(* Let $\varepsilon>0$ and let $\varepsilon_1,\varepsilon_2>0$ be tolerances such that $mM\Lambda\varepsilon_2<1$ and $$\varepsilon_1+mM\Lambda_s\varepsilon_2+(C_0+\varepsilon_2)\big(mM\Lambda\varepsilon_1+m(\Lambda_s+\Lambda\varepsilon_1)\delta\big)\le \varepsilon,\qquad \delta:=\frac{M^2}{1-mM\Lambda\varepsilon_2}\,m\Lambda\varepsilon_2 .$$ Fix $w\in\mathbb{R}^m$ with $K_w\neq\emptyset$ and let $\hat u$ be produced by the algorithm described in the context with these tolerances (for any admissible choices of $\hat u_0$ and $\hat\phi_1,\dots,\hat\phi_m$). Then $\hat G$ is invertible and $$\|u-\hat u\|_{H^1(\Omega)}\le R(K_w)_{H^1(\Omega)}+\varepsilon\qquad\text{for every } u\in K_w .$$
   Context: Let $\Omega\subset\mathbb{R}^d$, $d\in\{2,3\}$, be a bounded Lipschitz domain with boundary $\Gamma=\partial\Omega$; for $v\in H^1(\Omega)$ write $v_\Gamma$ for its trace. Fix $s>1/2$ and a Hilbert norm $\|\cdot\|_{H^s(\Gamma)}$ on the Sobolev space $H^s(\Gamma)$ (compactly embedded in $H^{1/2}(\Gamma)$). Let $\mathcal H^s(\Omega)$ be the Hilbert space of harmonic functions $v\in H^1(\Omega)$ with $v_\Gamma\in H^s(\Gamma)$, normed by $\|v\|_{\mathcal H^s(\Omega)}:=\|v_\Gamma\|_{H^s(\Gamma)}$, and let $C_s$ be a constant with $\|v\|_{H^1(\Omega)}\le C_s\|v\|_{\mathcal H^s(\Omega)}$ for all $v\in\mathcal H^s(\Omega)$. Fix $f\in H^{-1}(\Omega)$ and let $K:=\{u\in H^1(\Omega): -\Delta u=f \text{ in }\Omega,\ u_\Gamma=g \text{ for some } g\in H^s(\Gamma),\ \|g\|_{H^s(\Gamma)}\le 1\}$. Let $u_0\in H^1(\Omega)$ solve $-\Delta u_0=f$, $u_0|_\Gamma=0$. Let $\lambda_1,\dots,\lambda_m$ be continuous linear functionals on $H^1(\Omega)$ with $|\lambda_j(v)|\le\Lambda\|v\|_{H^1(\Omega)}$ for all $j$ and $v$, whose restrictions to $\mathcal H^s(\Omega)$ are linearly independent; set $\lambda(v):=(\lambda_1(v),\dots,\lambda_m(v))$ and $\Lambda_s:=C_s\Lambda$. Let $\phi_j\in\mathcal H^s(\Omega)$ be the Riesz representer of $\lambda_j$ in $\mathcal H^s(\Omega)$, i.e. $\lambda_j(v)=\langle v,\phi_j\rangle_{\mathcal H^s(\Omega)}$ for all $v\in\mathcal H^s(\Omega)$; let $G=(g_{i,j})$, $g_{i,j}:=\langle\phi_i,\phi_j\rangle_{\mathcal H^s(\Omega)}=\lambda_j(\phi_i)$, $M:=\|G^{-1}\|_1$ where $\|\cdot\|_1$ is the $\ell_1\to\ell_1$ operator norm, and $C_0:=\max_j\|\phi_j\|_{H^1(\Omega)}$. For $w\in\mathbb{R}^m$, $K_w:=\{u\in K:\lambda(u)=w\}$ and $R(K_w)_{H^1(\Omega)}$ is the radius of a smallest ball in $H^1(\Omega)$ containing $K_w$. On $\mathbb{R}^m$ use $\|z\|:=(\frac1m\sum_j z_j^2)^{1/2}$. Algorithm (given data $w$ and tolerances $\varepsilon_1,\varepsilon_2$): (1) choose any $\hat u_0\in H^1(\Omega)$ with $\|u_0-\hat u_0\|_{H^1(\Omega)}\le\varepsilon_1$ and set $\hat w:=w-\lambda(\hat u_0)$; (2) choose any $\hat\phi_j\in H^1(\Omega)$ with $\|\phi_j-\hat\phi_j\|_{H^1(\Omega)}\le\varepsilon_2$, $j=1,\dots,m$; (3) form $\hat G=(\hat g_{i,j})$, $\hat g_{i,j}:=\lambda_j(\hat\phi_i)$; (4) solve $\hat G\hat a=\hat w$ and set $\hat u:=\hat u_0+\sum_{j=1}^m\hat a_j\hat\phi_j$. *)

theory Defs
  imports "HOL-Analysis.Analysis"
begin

===

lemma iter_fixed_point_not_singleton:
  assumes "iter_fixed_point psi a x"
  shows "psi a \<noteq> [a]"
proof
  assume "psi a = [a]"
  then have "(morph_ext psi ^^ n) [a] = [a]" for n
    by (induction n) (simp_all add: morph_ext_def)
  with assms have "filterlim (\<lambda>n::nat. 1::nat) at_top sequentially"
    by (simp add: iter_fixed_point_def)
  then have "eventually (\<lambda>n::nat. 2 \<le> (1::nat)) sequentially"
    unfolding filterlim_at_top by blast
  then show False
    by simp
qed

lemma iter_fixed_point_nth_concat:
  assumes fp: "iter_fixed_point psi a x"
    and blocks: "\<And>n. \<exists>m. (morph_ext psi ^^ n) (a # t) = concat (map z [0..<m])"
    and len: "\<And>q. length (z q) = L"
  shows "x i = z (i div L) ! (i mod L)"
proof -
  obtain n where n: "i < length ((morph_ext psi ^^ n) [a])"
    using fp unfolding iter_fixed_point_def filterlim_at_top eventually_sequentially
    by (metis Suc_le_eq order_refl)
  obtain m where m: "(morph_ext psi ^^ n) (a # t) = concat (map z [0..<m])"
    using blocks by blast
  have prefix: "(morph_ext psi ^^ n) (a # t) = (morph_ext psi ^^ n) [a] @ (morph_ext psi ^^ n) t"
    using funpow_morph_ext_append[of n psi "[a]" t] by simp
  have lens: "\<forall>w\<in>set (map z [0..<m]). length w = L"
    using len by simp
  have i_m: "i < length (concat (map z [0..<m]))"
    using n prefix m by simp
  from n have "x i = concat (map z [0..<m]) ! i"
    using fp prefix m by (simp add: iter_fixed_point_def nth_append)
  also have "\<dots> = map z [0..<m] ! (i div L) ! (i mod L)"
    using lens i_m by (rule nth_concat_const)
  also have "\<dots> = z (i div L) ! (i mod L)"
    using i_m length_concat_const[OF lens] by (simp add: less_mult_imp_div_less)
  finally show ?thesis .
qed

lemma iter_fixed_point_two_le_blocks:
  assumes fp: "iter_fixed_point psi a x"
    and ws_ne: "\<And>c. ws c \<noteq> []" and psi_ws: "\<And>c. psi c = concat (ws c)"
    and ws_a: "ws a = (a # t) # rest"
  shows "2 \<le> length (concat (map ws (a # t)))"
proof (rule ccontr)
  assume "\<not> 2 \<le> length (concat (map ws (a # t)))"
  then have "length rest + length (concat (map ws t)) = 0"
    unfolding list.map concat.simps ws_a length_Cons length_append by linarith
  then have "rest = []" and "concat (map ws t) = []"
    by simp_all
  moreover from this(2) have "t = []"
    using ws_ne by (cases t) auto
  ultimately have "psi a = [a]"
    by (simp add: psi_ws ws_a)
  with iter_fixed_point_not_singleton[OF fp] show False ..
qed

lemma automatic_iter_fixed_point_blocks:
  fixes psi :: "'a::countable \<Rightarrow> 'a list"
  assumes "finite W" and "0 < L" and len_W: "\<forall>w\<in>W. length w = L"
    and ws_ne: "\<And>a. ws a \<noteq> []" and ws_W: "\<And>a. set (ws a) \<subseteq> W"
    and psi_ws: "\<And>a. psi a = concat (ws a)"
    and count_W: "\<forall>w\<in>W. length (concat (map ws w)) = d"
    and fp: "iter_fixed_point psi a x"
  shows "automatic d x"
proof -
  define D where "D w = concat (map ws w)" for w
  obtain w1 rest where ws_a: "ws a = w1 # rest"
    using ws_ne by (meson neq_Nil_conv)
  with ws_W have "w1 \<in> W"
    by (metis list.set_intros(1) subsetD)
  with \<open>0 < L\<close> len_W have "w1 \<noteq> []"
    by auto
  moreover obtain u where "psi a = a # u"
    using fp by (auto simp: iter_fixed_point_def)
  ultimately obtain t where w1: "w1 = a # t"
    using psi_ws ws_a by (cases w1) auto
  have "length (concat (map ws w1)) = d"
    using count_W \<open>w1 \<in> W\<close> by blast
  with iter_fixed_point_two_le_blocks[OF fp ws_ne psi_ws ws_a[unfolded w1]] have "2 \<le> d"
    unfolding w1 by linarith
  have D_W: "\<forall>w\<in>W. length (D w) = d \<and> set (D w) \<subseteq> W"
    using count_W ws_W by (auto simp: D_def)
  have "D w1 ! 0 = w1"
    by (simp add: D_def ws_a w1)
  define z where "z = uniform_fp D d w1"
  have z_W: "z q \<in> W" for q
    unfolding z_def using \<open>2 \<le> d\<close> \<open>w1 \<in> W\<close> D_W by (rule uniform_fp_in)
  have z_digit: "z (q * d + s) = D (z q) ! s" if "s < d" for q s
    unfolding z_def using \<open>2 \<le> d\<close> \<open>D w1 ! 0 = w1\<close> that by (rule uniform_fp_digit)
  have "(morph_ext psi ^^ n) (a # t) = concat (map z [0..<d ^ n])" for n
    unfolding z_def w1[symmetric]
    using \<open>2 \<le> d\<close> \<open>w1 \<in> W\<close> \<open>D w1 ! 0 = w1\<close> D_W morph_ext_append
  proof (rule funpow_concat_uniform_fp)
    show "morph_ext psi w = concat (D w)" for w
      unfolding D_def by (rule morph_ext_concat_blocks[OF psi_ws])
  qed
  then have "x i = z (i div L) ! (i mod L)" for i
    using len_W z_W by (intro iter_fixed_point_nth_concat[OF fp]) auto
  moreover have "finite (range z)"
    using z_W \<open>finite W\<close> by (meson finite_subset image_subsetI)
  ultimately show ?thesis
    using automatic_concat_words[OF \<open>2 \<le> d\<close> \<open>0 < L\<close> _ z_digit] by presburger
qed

===

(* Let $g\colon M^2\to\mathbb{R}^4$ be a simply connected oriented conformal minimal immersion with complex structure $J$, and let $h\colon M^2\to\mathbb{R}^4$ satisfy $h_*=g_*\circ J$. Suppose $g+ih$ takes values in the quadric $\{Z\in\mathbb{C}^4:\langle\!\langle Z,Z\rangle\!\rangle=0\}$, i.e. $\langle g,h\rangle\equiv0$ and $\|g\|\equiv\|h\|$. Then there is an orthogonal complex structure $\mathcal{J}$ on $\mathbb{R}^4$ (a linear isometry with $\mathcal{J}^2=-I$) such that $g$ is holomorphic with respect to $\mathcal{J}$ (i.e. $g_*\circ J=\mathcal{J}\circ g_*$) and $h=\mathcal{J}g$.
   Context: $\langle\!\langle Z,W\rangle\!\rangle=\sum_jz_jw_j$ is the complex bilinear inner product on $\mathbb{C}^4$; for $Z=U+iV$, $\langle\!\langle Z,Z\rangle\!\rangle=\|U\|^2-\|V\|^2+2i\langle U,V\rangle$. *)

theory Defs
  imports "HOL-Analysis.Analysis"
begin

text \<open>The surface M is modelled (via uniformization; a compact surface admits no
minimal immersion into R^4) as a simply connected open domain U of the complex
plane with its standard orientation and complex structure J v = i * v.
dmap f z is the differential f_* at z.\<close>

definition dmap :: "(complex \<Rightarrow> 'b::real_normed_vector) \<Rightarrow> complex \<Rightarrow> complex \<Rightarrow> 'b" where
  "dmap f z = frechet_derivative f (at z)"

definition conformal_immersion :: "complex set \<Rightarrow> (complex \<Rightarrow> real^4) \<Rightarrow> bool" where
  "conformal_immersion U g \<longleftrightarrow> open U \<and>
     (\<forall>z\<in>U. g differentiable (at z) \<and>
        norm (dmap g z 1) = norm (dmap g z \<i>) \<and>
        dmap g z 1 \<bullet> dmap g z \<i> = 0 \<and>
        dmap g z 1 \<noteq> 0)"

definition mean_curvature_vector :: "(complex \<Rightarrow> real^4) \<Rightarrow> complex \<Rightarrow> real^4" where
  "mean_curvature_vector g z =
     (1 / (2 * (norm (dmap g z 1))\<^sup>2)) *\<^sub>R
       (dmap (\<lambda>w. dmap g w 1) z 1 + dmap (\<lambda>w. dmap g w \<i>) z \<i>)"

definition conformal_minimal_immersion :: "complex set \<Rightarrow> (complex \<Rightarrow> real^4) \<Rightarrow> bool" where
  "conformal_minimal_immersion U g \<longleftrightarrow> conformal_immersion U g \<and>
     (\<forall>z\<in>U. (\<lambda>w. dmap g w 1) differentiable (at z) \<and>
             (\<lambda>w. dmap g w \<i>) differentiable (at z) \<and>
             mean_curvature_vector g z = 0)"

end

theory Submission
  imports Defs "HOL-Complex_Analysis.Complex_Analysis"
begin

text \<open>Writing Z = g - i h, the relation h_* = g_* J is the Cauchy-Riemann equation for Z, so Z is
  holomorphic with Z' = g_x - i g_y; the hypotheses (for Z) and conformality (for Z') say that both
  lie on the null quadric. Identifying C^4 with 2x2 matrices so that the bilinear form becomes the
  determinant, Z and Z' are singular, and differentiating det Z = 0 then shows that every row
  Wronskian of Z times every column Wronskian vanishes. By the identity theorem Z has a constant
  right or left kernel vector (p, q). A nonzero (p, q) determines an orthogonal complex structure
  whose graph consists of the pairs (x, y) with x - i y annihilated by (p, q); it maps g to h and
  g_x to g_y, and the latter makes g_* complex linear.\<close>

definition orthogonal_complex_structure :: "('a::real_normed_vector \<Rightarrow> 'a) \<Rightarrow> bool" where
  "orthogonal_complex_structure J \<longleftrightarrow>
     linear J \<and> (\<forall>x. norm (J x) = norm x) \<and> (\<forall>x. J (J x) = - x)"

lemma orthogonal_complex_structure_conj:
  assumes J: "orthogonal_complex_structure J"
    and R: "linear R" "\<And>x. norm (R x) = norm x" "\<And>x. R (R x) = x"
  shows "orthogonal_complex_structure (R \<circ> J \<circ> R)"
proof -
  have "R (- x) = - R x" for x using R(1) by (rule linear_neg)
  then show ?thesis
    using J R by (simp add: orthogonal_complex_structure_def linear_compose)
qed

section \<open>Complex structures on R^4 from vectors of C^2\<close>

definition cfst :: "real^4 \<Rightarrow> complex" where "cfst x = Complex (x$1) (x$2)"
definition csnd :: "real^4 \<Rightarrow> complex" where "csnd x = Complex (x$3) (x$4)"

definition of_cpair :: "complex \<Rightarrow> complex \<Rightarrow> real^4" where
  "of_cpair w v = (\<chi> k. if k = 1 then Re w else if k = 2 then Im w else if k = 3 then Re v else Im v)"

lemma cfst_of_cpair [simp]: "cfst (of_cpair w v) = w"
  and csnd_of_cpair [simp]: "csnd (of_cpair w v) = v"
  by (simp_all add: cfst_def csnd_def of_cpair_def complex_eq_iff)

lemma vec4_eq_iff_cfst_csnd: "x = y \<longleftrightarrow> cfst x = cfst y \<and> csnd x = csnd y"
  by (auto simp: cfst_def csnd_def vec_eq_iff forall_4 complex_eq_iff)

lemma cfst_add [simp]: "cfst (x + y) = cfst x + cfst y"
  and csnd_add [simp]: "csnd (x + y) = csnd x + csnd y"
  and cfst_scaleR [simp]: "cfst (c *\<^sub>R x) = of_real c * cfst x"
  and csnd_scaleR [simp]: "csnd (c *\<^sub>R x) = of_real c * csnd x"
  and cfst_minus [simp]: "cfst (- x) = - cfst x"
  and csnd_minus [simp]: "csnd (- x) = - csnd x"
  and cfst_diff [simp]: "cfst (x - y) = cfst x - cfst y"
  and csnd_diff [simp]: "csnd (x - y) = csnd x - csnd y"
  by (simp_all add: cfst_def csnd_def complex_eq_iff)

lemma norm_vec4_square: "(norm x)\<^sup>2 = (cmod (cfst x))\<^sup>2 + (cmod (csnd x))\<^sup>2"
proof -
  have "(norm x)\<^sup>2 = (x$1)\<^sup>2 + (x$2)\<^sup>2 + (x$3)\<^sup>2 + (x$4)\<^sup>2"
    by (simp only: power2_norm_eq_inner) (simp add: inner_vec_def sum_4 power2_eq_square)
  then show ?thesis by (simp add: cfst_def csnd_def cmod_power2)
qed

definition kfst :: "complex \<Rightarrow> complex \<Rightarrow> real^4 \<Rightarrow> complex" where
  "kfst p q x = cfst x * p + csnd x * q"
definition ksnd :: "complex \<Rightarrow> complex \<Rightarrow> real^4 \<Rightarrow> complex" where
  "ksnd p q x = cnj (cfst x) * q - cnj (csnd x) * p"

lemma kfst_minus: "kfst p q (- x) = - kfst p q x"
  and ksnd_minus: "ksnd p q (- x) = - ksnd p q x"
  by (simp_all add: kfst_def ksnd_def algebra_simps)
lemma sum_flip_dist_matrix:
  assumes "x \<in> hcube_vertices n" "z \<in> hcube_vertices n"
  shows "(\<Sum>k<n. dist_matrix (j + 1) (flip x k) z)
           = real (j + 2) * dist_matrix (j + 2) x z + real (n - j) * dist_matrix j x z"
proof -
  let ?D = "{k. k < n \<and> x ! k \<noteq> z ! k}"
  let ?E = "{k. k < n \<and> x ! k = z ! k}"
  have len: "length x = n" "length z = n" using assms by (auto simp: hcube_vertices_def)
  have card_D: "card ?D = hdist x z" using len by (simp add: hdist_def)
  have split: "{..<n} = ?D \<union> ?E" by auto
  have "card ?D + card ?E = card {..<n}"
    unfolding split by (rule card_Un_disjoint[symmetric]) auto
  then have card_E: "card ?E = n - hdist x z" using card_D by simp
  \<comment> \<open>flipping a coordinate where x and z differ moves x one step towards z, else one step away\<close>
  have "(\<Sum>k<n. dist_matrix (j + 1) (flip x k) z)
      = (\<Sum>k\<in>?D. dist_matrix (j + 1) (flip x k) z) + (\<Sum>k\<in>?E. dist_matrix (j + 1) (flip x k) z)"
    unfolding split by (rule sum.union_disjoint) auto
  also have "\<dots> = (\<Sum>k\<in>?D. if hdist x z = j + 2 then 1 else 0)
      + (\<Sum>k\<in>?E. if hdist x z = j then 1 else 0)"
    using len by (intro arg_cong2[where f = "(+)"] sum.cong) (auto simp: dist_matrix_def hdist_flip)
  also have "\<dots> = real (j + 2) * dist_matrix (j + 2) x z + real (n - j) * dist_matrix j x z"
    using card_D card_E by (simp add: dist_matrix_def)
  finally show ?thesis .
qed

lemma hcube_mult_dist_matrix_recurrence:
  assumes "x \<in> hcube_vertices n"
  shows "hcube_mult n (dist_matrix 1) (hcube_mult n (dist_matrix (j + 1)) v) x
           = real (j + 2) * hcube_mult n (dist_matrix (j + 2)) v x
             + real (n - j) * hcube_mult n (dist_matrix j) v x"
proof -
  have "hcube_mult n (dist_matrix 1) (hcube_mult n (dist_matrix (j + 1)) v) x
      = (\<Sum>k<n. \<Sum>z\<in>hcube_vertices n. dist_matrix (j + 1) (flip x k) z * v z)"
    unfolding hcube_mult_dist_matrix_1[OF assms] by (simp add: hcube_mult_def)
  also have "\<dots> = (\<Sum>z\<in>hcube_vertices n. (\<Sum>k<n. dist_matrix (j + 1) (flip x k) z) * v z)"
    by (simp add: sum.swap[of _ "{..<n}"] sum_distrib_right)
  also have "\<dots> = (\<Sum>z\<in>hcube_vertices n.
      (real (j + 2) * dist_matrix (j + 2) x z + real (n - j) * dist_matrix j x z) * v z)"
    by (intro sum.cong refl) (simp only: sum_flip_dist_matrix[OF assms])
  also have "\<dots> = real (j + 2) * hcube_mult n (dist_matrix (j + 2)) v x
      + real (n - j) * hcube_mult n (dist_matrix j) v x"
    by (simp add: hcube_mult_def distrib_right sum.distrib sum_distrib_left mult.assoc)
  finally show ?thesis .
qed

===

Task instructions: Will you return exactly the lines above from the one with "k \<noteq> z" down to the one with "card_D by simp", counting both as part of the range?

Result:
  let ?D = "{k. k < n \<and> x ! k \<noteq> z ! k}"
  let ?E = "{k. k < n \<and> x ! k = z ! k}"
  have len: "length x = n" "length z = n" using assms by (auto simp: hcube_vertices_def)
  have card_D: "card ?D = hdist x z" using len by (simp add: hdist_def)
  have split: "{..<n} = ?D \<union> ?E" by auto
  have "card ?D + card ?E = card {..<n}"
    unfolding split by (rule card_Un_disjoint[symmetric]) auto
  then have card_E: "card ?E = n - hdist x z" using card_D by simp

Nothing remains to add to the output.